§ **WHAT IS REQUIRED**: Show the lines below where "close" occurs.

§ **DATA SUPPLIED**:

lemma kern_prob_xy_integral:
  assumes x: "1 \<le> x"
  shows "set_integrable lborel {1..} (\<lambda>y. pareto_dens \<alpha> y * kern_prob_xy \<alpha> x y)"
    and "(LINT y:{1..}|lborel. pareto_dens \<alpha> y * kern_prob_xy \<alpha> x y) = kern_prob_x \<alpha> x"
proof -
  let ?f = "\<lambda>y. pareto_dens \<alpha> y * kern_prob_xy \<alpha> x y"
  have f_Icc: "?f y = \<alpha> * x powr (-\<alpha>) * (1/y)" if "y \<in> {1..x}" for y
  proof -
    have y: "1 \<le> y" "y \<le> x" using that by auto
    then have "?f y = \<alpha> * (y powr (-\<alpha>-1) * y powr \<alpha>) / x powr \<alpha>"
      by (simp add: kern_prob_xy_eq pareto_dens_def powr_divide)
    also have "y powr (-\<alpha>-1) * y powr \<alpha> = 1/y"
      using y by (simp add: powr_add[symmetric] powr_minus_divide)
    finally show ?thesis by (simp add: powr_minus_divide)
  qed
  have d: "((\<lambda>y. \<alpha> * x powr (-\<alpha>) * ln y) has_real_derivative \<alpha> * x powr (-\<alpha>) * (1/t)) (at t)"
    if "1 \<le> t" for t
    using that by (auto intro!: derivative_eq_intros)
  have c: "continuous_on {1..x} (\<lambda>y. \<alpha> * x powr (-\<alpha>) * (1/y))"
    by (intro continuous_intros) auto
  note FTC = set_integral_Icc_FTC[OF x d c]
  have I1: "set_integrable lborel {1..x} ?f" "(LINT y:{1..x}|lborel. ?f y) = \<alpha> * x powr (-\<alpha>) * ln x"
    using set_integral_cong_integrable[OF _ f_Icc FTC(1)] FTC(2) by simp_all
  have f_Ici: "?f y = x powr \<alpha> * (\<alpha> * y powr (-(2*\<alpha>)-1))" if "y \<in> {x..}" for y
  proof -
    have y: "1 \<le> y" "x \<le> y" using that x by auto
    have "kern_prob_xy \<alpha> x y = (x/y) powr \<alpha>"
      using kern_prob_xy_eq[of x y] kern_prob_xy_sym x y by simp
    then have "?f y = x powr \<alpha> * (\<alpha> * (y powr (-\<alpha>-1) * y powr (-\<alpha>)))"
      using x y by (simp add: pareto_dens_def powr_divide powr_minus divide_simps)
    also have "y powr (-\<alpha>-1) * y powr (-\<alpha>) = y powr (-(2*\<alpha>)-1)"
      using y by (simp add: powr_add[symmetric])
    finally show ?thesis .
  qed
  have x0: "0 < x" using x by simp
  have tail: "set_integrable lborel {x..} (\<lambda>y. x powr \<alpha> * (\<alpha> * y powr (-(2*\<alpha>)-1)))"
    using pareto_tail_double_exponent(1)[OF x0] by simp
  note I = set_integral_cong_integrable[OF _ f_Ici tail]
  have "(LINT y:{x..}|lborel. ?f y) = x powr \<alpha> * (LINT y:{x..}|lborel. \<alpha> * y powr (-(2*\<alpha>)-1))"
    using I(2) by simp
  also have "\<dots> = x powr \<alpha> * (x powr (-(2*\<alpha>)) / 2)"
    by (simp only: pareto_tail_double_exponent(2)[OF x0])
  also have "\<dots> = x powr (-\<alpha>) / 2"
    using x by (simp add: powr_add[symmetric])
  finally have I2: "set_integrable lborel {x..} ?f" "(LINT y:{x..}|lborel. ?f y) = x powr (-\<alpha>) / 2"
    using I(1) by simp_all
  show "set_integrable lborel {1..} ?f" and "(LINT y:{1..}|lborel. ?f y) = kern_prob_x \<alpha> x"
    using set_integral_atLeast_split[OF x I1(1) I2(1)] I1(2) I2(2) by (simp_all add: kern_prob_x_def)
qed
lemma not_compatible_if_parallel_crossings:
  assumes G: "insert (i, j) H \<subseteq> Kedges n d" and "(i, j) \<notin> H" "(i, j) \<noteq> (i', j')"
    and "connected_in H (Inl i) (Inl i')" "connected_in H (Inr j) (Inr j')"
    and "\<not> connected_in H (Inl i) (Inr j)"
  shows "\<not> compatible n d (insert (i, j) H) (insert (i', j') H)"
proof
  assume compatible: "compatible n d (insert (i, j) H) (insert (i', j') H)"
  obtain P where P: "walk H P" "distinct P" "P \<noteq> []" "hd P = Inl i" "last P = Inl i'"
    using connected_in_imp_distinct_walk[OF assms(4)] by blast
  obtain W where W: "walk H W" "distinct W" "W \<noteq> []" "hd W = Inr j" "last W = Inr j'"
    using connected_in_imp_distinct_walk[OF assms(5)] by blast
  have "odd (length P)" "odd (length W)"
    using walk_odd_length_iff P W by auto
  have "set P \<inter> set W = {}"
  proof (rule ccontr)
    assume "set P \<inter> set W \<noteq> {}"
    then obtain v where "v \<in> set P" "v \<in> set W"
      by blast
    then have "connected_in H (Inl i) v" "connected_in H (Inr j) v"
      using walk_connected_in P W by metis+
    with assms(6) show False
      by (metis connected_in_sym connected_in_trans)
  qed
  \<comment> \<open>L and L' list the even cycle formed by P, W, e and e', cut open at e' and at e
    respectively; their path matchings are its two alternating perfect matchings.\<close>
  define L where "L = rev P @ W"
  define L' where "L' = P @ rev W"
  have "walk (insert (i, j) H) L" "walk (insert (i', j') H) L'"
    unfolding L_def L'_def walk_append walk_rev using P W
    by (auto simp: last_rev hd_rev intro: walk_mono adj_edge)
  moreover have "distinct L" "distinct L'" "even (length L)" "even (length L')"
    using P W \<open>set P \<inter> set W = {}\<close> \<open>odd (length P)\<close> \<open>odd (length W)\<close>
    by (auto simp: L_def L'_def)
  moreover have "set L' = set L"
    by (auto simp: L_def L'_def)
  ultimately have M: "perfect_matching_in (insert (i, j) H) (Inl -` set L) (Inr -` set L) (path_matching L)"
    and M': "perfect_matching_in (insert (i', j') H) (Inl -` set L) (Inr -` set L) (path_matching L')"
    using path_matching_perfect by (metis, metis)
  moreover have "Inl -` set L \<subseteq> {1..n}" "Inr -` set L \<subseteq> {1..d}"
    using M G unfolding perfect_matching_in_def Kedges_def by blast+
  ultimately have "path_matching L = path_matching L'"
    using compatible unfolding compatible_def by blast
  moreover have "L = rev (tl P) @ Inl i # Inr j # tl W"
    using P W by (cases P; cases W) (auto simp: L_def)
  then have "(i, j) \<in> path_matching L"
    using link_subset_path_matching[of "rev (tl P)" "Inl i" "Inr j" "tl W"] \<open>odd (length P)\<close>
    by (auto simp: link_def)
  moreover have "(i, j) \<notin> path_matching L'"
    using M' assms(2,3) unfolding perfect_matching_in_def by auto
  ultimately show False
    by simp
qed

§ **SOLUTION**:
    respectively; their path matchings are its two alternating perfect matchings.\<close>
    using P W \<open>set P \<inter> set W = {}\<close> \<open>odd (length P)\<close> \<open>odd (length W)\<close>
    using link_subset_path_matching[of "rev (tl P)" "Inl i" "Inr j" "tl W"] \<open>odd (length P)\<close>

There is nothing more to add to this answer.